=== Section Start ===

theorem proposition2p1:
  fixes D :: "(real^'n) set"
    and m a :: "'x::euclidean_space \<Rightarrow> 'x \<Rightarrow> real^'n \<Rightarrow> real"
    and b :: "'x \<Rightarrow> 'y::euclidean_space \<Rightarrow> real^'n \<Rightarrow> real"
    and K :: nat and dt :: real
    and f :: "nat \<Rightarrow> 'x \<Rightarrow> real^'n \<Rightarrow> real"
    and g :: "nat \<Rightarrow> 'y \<Rightarrow> real^'n \<Rightarrow> real"
    and u :: "real^'n \<Rightarrow> nat \<Rightarrow> 'x" and p :: "real^'n \<Rightarrow> nat \<Rightarrow> 'y"
    and Nmax :: nat and XN :: "nat \<Rightarrow> 'x set" and YN :: "nat \<Rightarrow> 'y set"
    and uN :: "nat \<Rightarrow> real^'n \<Rightarrow> nat \<Rightarrow> 'x" and pN :: "nat \<Rightarrow> real^'n \<Rightarrow> nat \<Rightarrow> 'y"
    and \<mu> :: "real^'n" and N k :: nat
    and alphaLB gammaaUB betaLB gammamUB :: real
  assumes bil_m: "\<forall>\<mu>\<in>D. bilinear (\<lambda>u v. m u v \<mu>)"
    and bil_a: "\<forall>\<mu>\<in>D. bilinear (\<lambda>u v. a u v \<mu>)"
    and bil_b: "\<forall>\<mu>\<in>D. bilinear (\<lambda>v q. b v q \<mu>)"
    and sym_m: "\<forall>\<mu>\<in>D. \<forall>u v. m u v \<mu> = m v u \<mu>"
    and pos_m: "\<forall>\<mu>\<in>D. \<forall>v. v \<noteq> 0 \<longrightarrow> m v v \<mu> > 0"
    and fin_m: "\<forall>\<mu>\<in>D. bdd_above {m u v \<mu> / (norm u * norm v) | u v. u \<noteq> 0 \<and> v \<noteq> 0}"
    and fin_a: "\<forall>\<mu>\<in>D. bdd_above {a u v \<mu> / (norm u * norm v) | u v. u \<noteq> 0 \<and> v \<noteq> 0}"
    and coer_a: "\<forall>\<mu>\<in>D. coer_const (\<lambda>u v. a u v \<mu>) > 0"
    and infsup_b: "\<forall>\<mu>\<in>D. infsup_const (\<lambda>v q. b v q \<mu>) > 0"
    and dt_pos: "dt > 0"
    and f_lin: "\<forall>\<mu>\<in>D. \<forall>j\<in>{1..K}. linear (\<lambda>v. f j v \<mu>)"
    and g_lin: "\<forall>\<mu>\<in>D. \<forall>j\<in>{1..K}. linear (\<lambda>q. g j q \<mu>)"
    and u0: "\<forall>\<mu>\<in>D. u \<mu> 0 = 0"
    and u_eq1: "\<forall>\<mu>\<in>D. \<forall>j\<in>{1..K}. \<forall>v.
       (1/dt) * m (u \<mu> j - u \<mu> (j-1)) v \<mu> + a (u \<mu> j) v \<mu> + b v (p \<mu> j) \<mu> = f j v \<mu>"
    and u_eq2: "\<forall>\<mu>\<in>D. \<forall>j\<in>{1..K}. \<forall>q. b (u \<mu> j) q \<mu> = g j q \<mu>"
    and XN_sub: "\<forall>N'\<in>{1..Nmax}. subspace (XN N')"
    and YN_sub: "\<forall>N'\<in>{1..Nmax}. subspace (YN N')"
    and uN_mem: "\<forall>N'\<in>{1..Nmax}. \<forall>\<mu>\<in>D. \<forall>j\<in>{1..K}. uN N' \<mu> j \<in> XN N' \<and> pN N' \<mu> j \<in> YN N'"
    and uN0: "\<forall>N'\<in>{1..Nmax}. \<forall>\<mu>\<in>D. uN N' \<mu> 0 = 0"
    and uN_eq1: "\<forall>N'\<in>{1..Nmax}. \<forall>\<mu>\<in>D. \<forall>j\<in>{1..K}. \<forall>v\<in>XN N'.
       (1/dt) * m (uN N' \<mu> j - uN N' \<mu> (j-1)) v \<mu> + a (uN N' \<mu> j) v \<mu> + b v (pN N' \<mu> j) \<mu>
         = f j v \<mu>"
    and uN_eq2: "\<forall>N'\<in>{1..Nmax}. \<forall>\<mu>\<in>D. \<forall>j\<in>{1..K}. \<forall>q\<in>YN N'. b (uN N' \<mu> j) q \<mu> = g j q \<mu>"
    and mu_D: "\<mu> \<in> D"
    and N_range: "N \<in> {1..Nmax}"
    and k_range: "k \<in> {1..K}"
    and pos_LB: "alphaLB > 0" "gammaaUB > 0" "betaLB > 0" "gammamUB > 0"
    and alphaLB_le: "alphaLB \<le> coer_const (\<lambda>u v. a u v \<mu>)"
    and gammaaUB_ge: "cont_const (\<lambda>u v. a u v \<mu>) \<le> gammaaUB"
    and betaLB_le: "betaLB \<le> infsup_const (\<lambda>v q. b v q \<mu>)"
    and gammamUB_ge: "cont_const (\<lambda>u v. m u v \<mu>) \<le> gammamUB"
  shows "sqrt ((form_norm m \<mu> (u \<mu> k - uN N \<mu> k))^2
            + dt * (\<Sum>j=1..k. (form_norm a \<mu> (u \<mu> j - uN N \<mu> j))^2))
         \<le> sqrt (dt * (\<Sum>j=1..k.
              (dual_norm (res1 m a b f dt (uN N \<mu>) (pN N \<mu>) \<mu> j))^2 / alphaLB
            + 2 / betaLB * (1 + gammaaUB / alphaLB)
                * dual_norm (res1 m a b f dt (uN N \<mu>) (pN N \<mu>) \<mu> j)
                * dual_norm (res2 b g (uN N \<mu>) \<mu> j)
            + (gammamUB / dt + gammaaUB^2 / alphaLB)
                * (dual_norm (res2 b g (uN N \<mu>) \<mu> j))^2 / betaLB^2))"
proof -
  have bm: "bilinear (\<lambda>u v. m u v \<mu>)" and ba: "bilinear (\<lambda>u v. a u v \<mu>)"
    and bb: "bilinear (\<lambda>v q. b v q \<mu>)"
    using bil_m bil_a bil_b mu_D by blast+
  have m_psd: "0 \<le> m v v \<mu>" for v
    using pos_m mu_D bilinear_lzero[OF bm] by (cases "v = 0") (auto intro: less_imp_le)
  have m_bound: "m v v \<mu> \<le> gammamUB * (norm v)\<^sup>2" for v
    using bilinear_le_cont_bound[OF bm fin_m[rule_format, OF mu_D] gammamUB_ge, of v v]
    by (simp add: power2_eq_square mult.assoc)
  have a_bound: "a v w \<mu> \<le> gammaaUB * norm v * norm w" for v w
    by (rule bilinear_le_cont_bound[OF ba fin_a[rule_format, OF mu_D] gammaaUB_ge])
  have a_coer: "alphaLB * (norm v)\<^sup>2 \<le> a v v \<mu>" for v
    using bilinear_ge_coer_bound[OF ba alphaLB_le] by simp
  define e where "e j = u \<mu> j - uN N \<mu> j" for j
  define T where "T j = (dual_norm (res1 m a b f dt (uN N \<mu>) (pN N \<mu>) \<mu> j))\<^sup>2 / alphaLB
      + 2 / betaLB * (1 + gammaaUB / alphaLB) * dual_norm (res1 m a b f dt (uN N \<mu>) (pN N \<mu>) \<mu> j)
          * dual_norm (res2 b g (uN N \<mu>) \<mu> j)
      + (gammamUB / dt + gammaaUB\<^sup>2 / alphaLB) * (dual_norm (res2 b g (uN N \<mu>) \<mu> j))\<^sup>2 / betaLB\<^sup>2"
    for j
  have res1_err: "res1 m a b f dt (uN N \<mu>) (pN N \<mu>) \<mu> j v
      = (1/dt) * m (e j - e (j - 1)) v \<mu> + a (e j) v \<mu> + b v (p \<mu> j - pN N \<mu> j) \<mu>"
    if "j \<in> {1..K}" for j v
    unfolding e_def
    by (rule res1_error_equation[where u="u \<mu>" and p="p \<mu>"]) (use bm ba bb u_eq1 mu_D that in auto)
  have res2_err: "res2 b g (uN N \<mu>) \<mu> j q = b (e j) q \<mu>" if "j \<in> {1..K}" for j q
    unfolding e_def
    by (rule res2_error_equation[where u="u \<mu>"]) (use bb u_eq2 mu_D that in auto)
  have "m (e j) (e j) \<mu> - m (e (j - 1)) (e (j - 1)) \<mu> + dt * a (e j) (e j) \<mu> \<le> dt * T j"
    if "j \<in> {1..k}" for j
  proof -
    have jK: "j \<in> {1..K}" using that k_range by auto
    show ?thesis
      unfolding T_def
      by (rule error_energy_step[OF bm ba bb sym_m[rule_format, OF mu_D] m_psd m_bound a_bound
            a_coer dt_pos pos_LB(1) pos_LB(3) betaLB_le less_imp_le[OF pos_LB(2)]
            less_imp_le[OF pos_LB(4)] res1_err[OF jK] res2_err[OF jK]])
  qed
  moreover have "e 0 = 0"
    unfolding e_def using u0 uN0 mu_D N_range by auto
  ultimately have "m (e k) (e k) \<mu> + dt * (\<Sum>j=1..k. a (e j) (e j) \<mu>) \<le> dt * (\<Sum>j=1..k. T j)"
    by (intro telescoped_energy_bound) (simp_all add: bilinear_lzero[OF bm])
  then show ?thesis
    using m_psd order_trans[OF mult_nonneg_nonneg a_coer] pos_LB(1)
    unfolding form_norm_def e_def T_def by (simp add: real_sqrt_le_iff)
qed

=== Section End ===

*REQUIRED ACTION:* Working from the entries above, return all lines that contain "where".

*OUTPUT BELOW:*
  define e where "e j = u \<mu> j - uN N \<mu> j" for j
  define T where "T j = (dual_norm (res1 m a b f dt (uN N \<mu>) (pN N \<mu>) \<mu> j))\<^sup>2 / alphaLB
    by (rule res1_error_equation[where u="u \<mu>" and p="p \<mu>"]) (use bm ba bb u_eq1 mu_D that in auto)
    by (rule res2_error_equation[where u="u \<mu>"]) (use bb u_eq2 mu_D that in auto)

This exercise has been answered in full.